For completeness, here's where GracefulStop is wedged waiting on it's WG, held hostage by grpc.Serve:

goroutine 1802 [semacquire, 5 minutes]:
sync.runtime_Semacquire(0xc00016631c)
        /usr/local/go/src/runtime/sema.go:56 +0x42
sync.(*WaitGroup).Wait(0xc00016631c)
        /usr/local/go/src/sync/waitgroup.go:130 +0x64
google.golang.org/grpc.(*Server).GracefulStop(0xc0001661a0)
        /gazette/.build/go-path/pkg/mod/google.golang.org/grpc@v1.28.0/server.go:1551 +0x1b1
go.gazette.dev/core/broker.(*Service).QueueTasks.func2(0xc00030eb90, 0x50)
        /gazette/broker/service.go:71 +0xa7
go.gazette.dev/core/task.(*Group).GoRun.func1(0x14b6660, 0xc0004b03c0)
        /gazette/task/group.go:72 +0x43
golang.org/x/sync/errgroup.(*Group).Go.func1(0xc000530a80, 0xc001390100)
        /gazette/.build/go-path/pkg/mod/golang.org/x/sync@v0.0.0-20200317015054-43a5402ce75a/errgroup/errgroup.go:57 +0x59
created by golang.org/x/sync/errgroup.(*Group).Go
        /gazette/.build/go-path/pkg/mod/golang.org/x/sync@v0.0.0-20200317015054-43a5402ce75a/errgroup/errgroup.go:54 +0x66
jgraettinger commented 4 years ago

An effective mitigation of this behavior is to set a non-zero SetReadTimeout.
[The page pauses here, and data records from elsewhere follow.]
section \<open>Time derivative with weakly imposed initial data\<close>

definition Dt_sat :: "nat \<Rightarrow> (nat \<Rightarrow> nat \<Rightarrow> real) \<Rightarrow> (nat \<Rightarrow> nat \<Rightarrow> real)
    \<Rightarrow> (nat \<Rightarrow> nat \<Rightarrow> real) \<Rightarrow> (nat \<Rightarrow> nat \<Rightarrow> real) \<Rightarrow> nat \<Rightarrow> nat \<Rightarrow> real" where
  "Dt_sat nt Ht Qt u u0 i j = Dt_app nt Ht Qt u i j + liftB Ht (\<lambda>i' j'. u i' j' - u0 i' j') i j"

lemma vavg_Dt_sat:
  "vavg n \<omega> (\<lambda>k. Dt_sat nt Ht Qt (u k) (u0 k) i j)
    = Dt_sat nt Ht Qt (\<lambda>i j. vavg n \<omega> (\<lambda>k. u k i j)) (\<lambda>i j. vavg n \<omega> (\<lambda>k. u0 k i j)) i j"
proof -
  have "vavg n \<omega> (\<lambda>k. Dt_app nt Ht Qt (u k) i j) = Dt_app nt Ht Qt (\<lambda>i j. vavg n \<omega> (\<lambda>k. u k i j)) i j"
    unfolding Dt_app_def vavg_def sum_distrib_left
    by (subst sum.swap) (simp add: mult_ac)
  moreover have "vavg n \<omega> (\<lambda>k. liftB Ht (\<lambda>i' j'. u k i' j' - u0 k i' j') i j)
      = liftB Ht (\<lambda>i' j'. vavg n \<omega> (\<lambda>k. u k i' j') - vavg n \<omega> (\<lambda>k. u0 k i' j')) i j"
    by (simp add: liftB_def vavg_def right_diff_distrib sum_subtractf flip: sum_divide_distrib)
  ultimately show ?thesis
    by (simp add: Dt_sat_def)
qed

lemma h_inner_Dt_sat:
  assumes "is_sbp nt ts Ht Qt pt"
  shows "h_inner nt Ht (\<lambda>i. u i j) (\<lambda>i. Dt_sat nt Ht Qt u u0 i j)
    = ((u nt j)^2 - (u 0 j)^2) / 2 + u 0 j * (u 0 j - u0 0 j)"
proof -
  have H: "\<forall>i\<le>nt. Ht i i \<noteq> 0" and Q: "sbp_boundary nt Qt"
    using is_sbpD[OF assms] by auto
  then show ?thesis
    unfolding Dt_sat_def h_inner_add Dt_app_eq_sbp_apply
    by (simp add: summation_by_parts_square[of nt Qt Ht, OF Q H] h_inner_liftB)
qed

lemma Dt_sat_energy_ge:
  assumes "is_sbp nt ts Ht Qt pt" "\<forall>j\<le>nx. Hx j j \<ge> 0"
  shows "(\<Sum>i\<le>nt. Ht i i * h_inner nx Hx (u i) (Dt_sat nt Ht Qt u u0 i))
    \<ge> (h_inner nx Hx (u nt) (u nt) - h_inner nx Hx (u0 0) (u0 0)) / 2"
proof -
  have "(h_inner nx Hx (u nt) (u nt) - h_inner nx Hx (u0 0) (u0 0)) / 2
      = (\<Sum>j\<le>nx. Hx j j * (((u nt j)^2 - (u0 0 j)^2) / 2))"
    unfolding h_inner_def diff_divide_distrib sum_divide_distrib sum_subtractf[symmetric]
    by (simp add: power2_eq_square algebra_simps)
  also have "\<dots> \<le> (\<Sum>j\<le>nx. Hx j j * (((u nt j)^2 - (u 0 j)^2) / 2 + u 0 j * (u 0 j - u0 0 j)))"
  proof (intro sum_mono mult_left_mono)
    fix j
    have "((u nt j)^2 - (u 0 j)^2) / 2 + u 0 j * (u 0 j - u0 0 j) - ((u nt j)^2 - (u0 0 j)^2) / 2
        = (u 0 j - u0 0 j)^2 / 2"
      by (simp add: power2_eq_square field_simps)
    then show "((u nt j)^2 - (u0 0 j)^2) / 2 \<le> ((u nt j)^2 - (u 0 j)^2) / 2 + u 0 j * (u 0 j - u0 0 j)"
      using zero_le_power2[of "u 0 j - u0 0 j"] by linarith
  qed (use assms(2) in auto)
  also have "\<dots> = (\<Sum>j\<le>nx. Hx j j * h_inner nt Ht (\<lambda>i. u i j) (\<lambda>i. Dt_sat nt Ht Qt u u0 i j))"
    by (simp add: h_inner_Dt_sat[OF assms(1)])
  also have "\<dots> = (\<Sum>i\<le>nt. Ht i i * h_inner nx Hx (u i) (Dt_sat nt Ht Qt u u0 i))"
    unfolding h_inner_def sum_distrib_left by (subst sum.swap) (simp add: mult_ac)
  finally show ?thesis .
qed

lemma damped_Dt_sat_eq_0:
  assumes sbp: "is_sbp nt ts Ht Qt pt" and "\<sigma> > 0"
    and eq: "\<forall>i\<le>nt. Dt_sat nt Ht Qt c c0 i j + \<sigma> * c i j = 0"
    and "c0 0 j = 0" and "i \<le> nt"
  shows "c i j = 0"
proof -
  have Hpos: "\<forall>i\<le>nt. Ht i i > 0"
    using is_sbpD[OF sbp] by auto
  let ?c = "\<lambda>i. c i j"
  have "0 = h_inner nt Ht ?c (\<lambda>i. Dt_sat nt Ht Qt c c0 i j + \<sigma> * c i j)"
    using eq by (simp add: h_inner_def del: h_inner_add h_inner_scale)
  also have "\<dots> = (c nt j)^2 / 2 + (c 0 j)^2 / 2 + \<sigma> * h_inner nt Ht ?c ?c"
    using \<open>c0 0 j = 0\<close> by (simp add: h_inner_Dt_sat[OF sbp] field_simps power2_eq_square)
  finally have "\<sigma> * h_inner nt Ht ?c ?c \<le> 0"
    using zero_le_power2[of "c nt j"] zero_le_power2[of "c 0 j"] by linarith
  then have "h_inner nt Ht ?c ?c = 0"
    using \<open>\<sigma> > 0\<close> h_inner_self_nonneg[of nt Ht ?c] Hpos
    by (simp add: mult_le_0_iff order_less_imp_le)
  then show ?thesis
    using h_inner_self_eq_0[of nt Ht, OF Hpos] \<open>i \<le> nt\<close> by blast
qed

lemma upwind_boundary_flux:
  fixes \<epsilon> v aL bL aR bR :: real
  assumes "\<epsilon> \<noteq> 0"
  shows "(vneg v * (aR + \<epsilon> * bR)^2 - vpos v * (aL + \<epsilon> * bL)^2) / (2 * \<epsilon>)
      - v * (aR * bR - aL * bL) - \<epsilon> * v * (bR^2 - bL^2) / 2
    = (vneg v * (aL + \<epsilon> * bL)^2 - vpos v * (aR + \<epsilon> * bR)^2) / (2 * \<epsilon>)
      + v * (aR^2 - aL^2) / (2 * \<epsilon>)"
proof -
  obtain p q where pq: "vpos v = p" "vneg v = q" and v: "v = p + q"
    by (metis vpos_def vneg_def add.commute add_0 max_def min_def)
  show ?thesis
    unfolding pq unfolding v using assms by (simp add: field_simps power2_eq_square)
qed

locale micro_macro_scheme =
  fixes nx nt nv px pt :: nat
    and xs ts :: "nat \<Rightarrow> real"
    and Hx Qx Ht Qt :: "nat \<Rightarrow> nat \<Rightarrow> real"
    and \<omega> v :: "nat \<Rightarrow> real"
    and \<epsilon> \<sigma>s \<sigma>a \<tau>\<rho> \<tau>g :: real
    and \<rho> \<rho>0 :: "nat \<Rightarrow> nat \<Rightarrow> real"
    and g g0 :: "nat \<Rightarrow> nat \<Rightarrow> nat \<Rightarrow> real"
  assumes sbp_x: "is_sbp nx xs Hx Qx px"
    and sbp_t: "is_sbp nt ts Ht Qt pt"
    and quad: "vel_quad nv \<omega> v"
    and eps: "\<epsilon> > 0" and sigs: "\<sigma>s > 0" and siga: "\<sigma>a \<ge> 0"
    and tau_rho: "\<tau>\<rho> = 1 / (2 * \<epsilon>)"
    and tau_g: "\<tau>g = 1 / (2 * \<epsilon>^2)"
    and g0_avg: "\<forall>i\<le>nt. \<forall>j\<le>nx. vavg nv \<omega> (\<lambda>k. g0 k i j) = 0"
    and eq_rho: "\<forall>i\<le>nt. \<forall>j\<le>nx.
        Dt_app nt Ht Qt \<rho> i j
        + Dx_app nx Hx Qx (\<lambda>i' j'. vavg nv \<omega> (\<lambda>k. v k * g k i' j')) i j
        = - \<sigma>a * \<rho> i j
          - \<tau>\<rho> * liftL Hx (\<lambda>i' j'. vavg nv \<omega> (\<lambda>k. vpos (v k) * (\<rho> i' j' + \<epsilon> * g k i' j'))) i j
          + \<tau>\<rho> * liftR nx Hx (\<lambda>i' j'. vavg nv \<omega> (\<lambda>k. vneg (v k) * (\<rho> i' j' + \<epsilon> * g k i' j'))) i j
          - liftB Ht (\<lambda>i' j'. \<rho> i' j' - \<rho>0 i' j') i j"
    and eq_g: "\<forall>k\<in>{1..nv}. \<forall>i\<le>nt. \<forall>j\<le>nx.
        Dt_app nt Ht Qt (g k) i j
        + v k / \<epsilon> * Dx_app nx Hx Qx (g k) i j
        - 1 / \<epsilon> * vavg nv \<omega> (\<lambda>k'. v k' * Dx_app nx Hx Qx (g k') i j)
        + v k / \<epsilon>^2 * Dx_app nx Hx Qx \<rho> i j
        = - (\<sigma>s / \<epsilon>^2 + \<sigma>a) * g k i j
          + satg nx Hx \<tau>g \<epsilon> (v k) \<rho> (g k) i j
          - vavg nv \<omega> (\<lambda>k'. satg nx Hx \<tau>g \<epsilon> (v k') \<rho> (g k') i j)
          - liftB Ht (\<lambda>i' j'. g k i' j' - g0 k i' j') i j"
begin
(* Let $G$ be a simplicial group with $G_0=1$, let $\tilde G$ be its dummy, and let $p\colon\tilde G\to G$ be the simplicial homomorphism given in dimension $n$ by evaluation at $i_n=\mathrm{id}\colon[n]\to[n]\in B^n_n$. Then $p$ is surjective.
   Context: Let $B$ be the cosimplicial simplicial pointed set with $B^n_m$ the set of non-strictly increasing partial maps $b\colon[m]\dashrightarrow[n]$, marked element the map with empty domain; the simplicial structure in $m$ is by precomposition (domains pulled back) and the cosimplicial structure in $n$ by postcomposition. The dummy $\tilde G$ is the simplicial group with $\tilde G_n$ the group of base-point-preserving simplicial maps $B^n\to G$ (pointwise multiplication), structure homomorphisms induced by the cosimplicial structure of $B$. *)

theory Defs
  imports "HOL-Algebra.Group" "HOL-Library.FuncSet"
begin

definition delta_hom :: "nat \<Rightarrow> nat \<Rightarrow> (nat \<Rightarrow> nat) set" where
  "delta_hom m n = {\<theta>. \<theta> \<in> {..m} \<rightarrow>\<^sub>E {..n} \<and> mono_on {..m} \<theta>}"

definition delta_id :: "nat \<Rightarrow> nat \<Rightarrow> nat" where
  "delta_id n = restrict (\<lambda>i. i) {..n}"

definition delta_comp :: "nat \<Rightarrow> (nat \<Rightarrow> nat) \<Rightarrow> (nat \<Rightarrow> nat) \<Rightarrow> nat \<Rightarrow> nat" where
  "delta_comp k \<theta> \<psi> = restrict (\<theta> \<circ> \<psi>) {..k}"
(* Let $B_0$ and $B_1$ be boards with $B_0\lessdot B_1$. If $B_0$ has a perfect layout, then $B_1$ also has a perfect layout.
   Context: A board is an $m\times n$ grid of unit cells in which exactly $c$ cells are sinks, one of each of $c$ colors, and all other cells are empty. A layout places, in some of the empty cells, arrows, each having one of the $c$ colors and one of the four cardinal directions. A packet of color $i$ may enter the grid through any unit edge of the outer boundary of the grid, into the adjacent cell, moving perpendicular to that edge into the grid; it moves one cell at a time in its current direction, and whenever it enters a cell containing an arrow of color $i$ its direction becomes that arrow's direction (arrows of other colors are ignored). The packet succeeds if it enters the sink of color $i$; it fails if it enters a sink of another color, leaves the grid, or travels forever without reaching a sink. A perfect layout is a layout in which every packet of every color entering through every boundary edge succeeds. For boards $B_0,B_1$, $B_0\lessdot B_1$ means that $B_0$ is obtained from $B_1$ by deleting a single row or column of $B_1$ that contains no sink. *)

theory Defs
  imports Main
begin

text \<open>Row index grows southwards, column index grows eastwards.\<close>

datatype dir = North | South | East | West

fun delta :: "dir \<Rightarrow> int \<times> int" where
  "delta North = (-1, 0)"
| "delta South = (1, 0)"
| "delta East = (0, 1)"
| "delta West = (0, -1)"

record board =
  rows :: nat
  cols :: nat
  ncolors :: nat
  sink :: "nat \<Rightarrow> int \<times> int"

definition in_grid :: "board \<Rightarrow> int \<times> int \<Rightarrow> bool" where
  "in_grid B p \<longleftrightarrow> 0 \<le> fst p \<and> fst p < int (rows B) \<and> 0 \<le> snd p \<and> snd p < int (cols B)"

definition is_board :: "board \<Rightarrow> bool" where
  "is_board B \<longleftrightarrow> rows B \<ge> 1 \<and> cols B \<ge> 1 \<and> inj_on (sink B) {..<ncolors B}
     \<and> (\<forall>k<ncolors B. in_grid B (sink B k))"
That timeout applies only while sniffing an appropriate mux, just after initial connection

brentyates commented 3 years ago

Would it be reasonable to add a wg.Done() before returning the error on line https://github.com/soheilhy/cmux/blob/master/cmux.go#L165? For me this solution seems to work, but I do not know what other potential problems this might cause.

brentyates commented 3 years ago

Adding the wg.Done() only helps me I guess because I know that the for loop inside serve ran at least once first.